WHAT TO WORK ON
Retype exactly, and only, the lines from the one that contains "n \<longleftrightarrow> V_class" through the final line of the entries.

*** RECORDS TO PROCESS Section Begins ***

lemma V_cochain_inv: "inv\<^bsub>V_cochains n\<^esub> V_cochain n c = V_cochain n (\<lambda>x. - c x)"
proof -
  have "V_cochain n c \<in> carrier (V_cochains n)"
    using V_cochain_in_C2 by (simp add: xm_C2_def)
  then show ?thesis
    using group_Zmod by (auto simp: V_cochain_def carrier_Zmod inv_Zmod mod_minus_eq intro!: restrict_ext)
qed

lemma subgroup_xm_Z2_V: "subgroup (V_Z2 n) (V_cochains n)"
proof (rule group.subgroupI)
  show "group (V_cochains n)"
    using group_Zmod by simp
  show "V_Z2 n \<subseteq> carrier (V_cochains n)"
    by (auto simp: xm_Z2_def xm_C2_def)
  have "V_cocycle_mod (int n) (\<lambda>x. 0 * V_omega x)"
    by (rule V_cocycle_mod_scale[OF V_cocycle_mod_omega])
  then have "V_cochain n (\<lambda>_. 0) \<in> V_Z2 n"
    by (auto simp: xm_Z2_V_eq periodic4_def)
  then show "V_Z2 n \<noteq> {}"
    by blast
next
  fix a
  assume "a \<in> V_Z2 n"
  then obtain c where "a = V_cochain n c" "periodic4 c" "V_cocycle_mod (int n) c"
    by (auto simp: xm_Z2_V_eq)
  then show "inv\<^bsub>V_cochains n\<^esub> a \<in> V_Z2 n"
    using V_cocycle_mod_scale[of "int n" c "- 1"]
    by (auto simp: xm_Z2_V_eq V_cochain_inv periodic4_def)
next
  fix a b
  assume "a \<in> V_Z2 n" and "b \<in> V_Z2 n"
  then obtain c c' where ab: "a = V_cochain n c" "b = V_cochain n c'"
    and "periodic4 c" "V_cocycle_mod (int n) c" "periodic4 c'" "V_cocycle_mod (int n) c'"
    by (auto simp: xm_Z2_V_eq)
  then have "V_cochain n (\<lambda>x. c x + c' x) \<in> V_Z2 n"
    unfolding xm_Z2_V_eq by (intro imageI) (simp add: V_cocycle_mod_add periodic4_def)
  then show "a \<otimes>\<^bsub>V_cochains n\<^esub> b \<in> V_Z2 n"
    by (simp only: ab V_cochain_mult)
qed

lemma group_xm_Z2_group_V: "group (V_Z2_group n)"
  unfolding xm_Z2_group_eq_product_group
  using subgroup.subgroup_is_group[OF subgroup_xm_Z2_V] group_Zmod by simp

definition V_class :: "nat \<Rightarrow> (int \<times> int \<times> int \<Rightarrow> int) \<Rightarrow> int" where
  "V_class n c = (c (1, 0, 0) + c (0, 1, 1)) mod int (gcd 2 n)"

lemma V_class_V_cochain: "V_class n (V_cochain n c) = V_invariant c mod int (gcd 2 n)"
proof -
  have "[a mod int n = a] (mod int (gcd 2 n))" for a
    by (rule cong_dvd_modulus[of _ _ "int n"]) simp_all
  then have "[c (1, 0, 0) mod int n + c (0, 1, 1) mod int n = c (1, 0, 0) + c (0, 1, 1)] (mod int (gcd 2 n))"
    by (intro cong_add)
  then show ?thesis
    by (simp add: V_class_def V_cochain_def xm_dom2_V V_invariant_def cong_def)
qed

lemma V_class_hom: "group_hom (V_Z2_group n) (Zmod (gcd 2 n)) (V_class n)"
proof -
  have "V_class n \<in> hom (V_Z2_group n) (Zmod (gcd 2 n))"
  proof (rule homI)
    fix a
    show "V_class n a \<in> carrier (Zmod (gcd 2 n))"
      by (simp add: V_class_def carrier_Zmod)
  next
    fix a b
    assume "a \<in> carrier (V_Z2_group n)" and "b \<in> carrier (V_Z2_group n)"
    then obtain c c' where ab: "a = V_cochain n c" "b = V_cochain n c'"
      by (auto simp: xm_Z2_group_def xm_Z2_V_eq)
    have "a \<otimes>\<^bsub>V_Z2_group n\<^esub> b = a \<otimes>\<^bsub>V_cochains n\<^esub> b"
      by (simp add: xm_Z2_group_eq_product_group)
    then show "V_class n (a \<otimes>\<^bsub>V_Z2_group n\<^esub> b)
        = V_class n a \<otimes>\<^bsub>Zmod (gcd 2 n)\<^esub> V_class n b"
      by (simp only: ab V_cochain_mult V_class_V_cochain mult_Zmod)
        (simp add: V_invariant_def mod_add_eq ac_simps)
  qed
  then show ?thesis
    using group_xm_Z2_group_V group_Zmod by (simp add: group_hom_def group_hom_axioms_def)
qed

lemma V_class_image: "V_class n ` carrier (V_Z2_group n) = carrier (Zmod (gcd 2 n))"
proof
  show "V_class n ` carrier (V_Z2_group n) \<subseteq> carrier (Zmod (gcd 2 n))"
    by (auto simp: V_class_def carrier_Zmod)
  show "carrier (Zmod (gcd 2 n)) \<subseteq> V_class n ` carrier (V_Z2_group n)"
  proof
    fix y
    assume y: "y \<in> carrier (Zmod (gcd 2 n))"
    have "periodic4 (\<lambda>x. y * V_omega x)"
      using periodic4_omega by (simp add: periodic4_def)
    then have "V_cochain n (\<lambda>x. y * V_omega x) \<in> carrier (V_Z2_group n)"
      unfolding xm_Z2_group_def xm_Z2_V_eq
      by (simp add: V_cocycle_mod_scale V_cocycle_mod_omega)
    moreover have "V_class n (V_cochain n (\<lambda>x. y * V_omega x)) = y"
      using y by (simp add: V_class_V_cochain V_invariant_def V_omega_def carrier_Zmod)
    ultimately show "y \<in> V_class n ` carrier (V_Z2_group n)"
      by (metis image_eqI)
  qed
qed

lemma V_cochain_in_xm_B2_iff:
  assumes "periodic4 c" and "V_cocycle_mod (int n) c"
  shows "V_cochain n c \<in> V_B2 n \<longleftrightarrow> V_class n (V_cochain n c) = 0"
proof -
  have "V_cochain n c \<in> V_B2 n \<longleftrightarrow> (\<exists>F. V_cochain n c = V_cochain n (V_coboundary F))"
    by (auto simp: xm_B2_V_eq)
  also have "\<dots> \<longleftrightarrow> (\<exists>F. \<forall>x. [c x = V_coboundary F x] (mod int n))"
    by (simp add: V_cochain_eq_iff assms(1) periodic4_coboundary)
  also have "\<dots> \<longleftrightarrow> (\<exists>s. [V_invariant c = 2 * s] (mod int n))"
    by (rule V_cocycle_mod_coboundary_iff[OF assms(2,1)])
  also have "\<dots> \<longleftrightarrow> V_class n (V_cochain n c) = 0"
    by (simp add: exists_double_cong_iff V_class_V_cochain dvd_eq_mod_eq_0)
  finally show ?thesis .
qed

*** RECORDS TO PROCESS Section Ends ***

TASK ANSWER
  shows "V_cochain n c \<in> V_B2 n \<longleftrightarrow> V_class n (V_cochain n c) = 0"
proof -
  have "V_cochain n c \<in> V_B2 n \<longleftrightarrow> (\<exists>F. V_cochain n c = V_cochain n (V_coboundary F))"
    by (auto simp: xm_B2_V_eq)
  also have "\<dots> \<longleftrightarrow> (\<exists>F. \<forall>x. [c x = V_coboundary F x] (mod int n))"
    by (simp add: V_cochain_eq_iff assms(1) periodic4_coboundary)
  also have "\<dots> \<longleftrightarrow> (\<exists>s. [V_invariant c = 2 * s] (mod int n))"
    by (rule V_cocycle_mod_coboundary_iff[OF assms(2,1)])
  also have "\<dots> \<longleftrightarrow> V_class n (V_cochain n c) = 0"
    by (simp add: exists_double_cong_iff V_class_V_cochain dvd_eq_mod_eq_0)
  finally show ?thesis .
qed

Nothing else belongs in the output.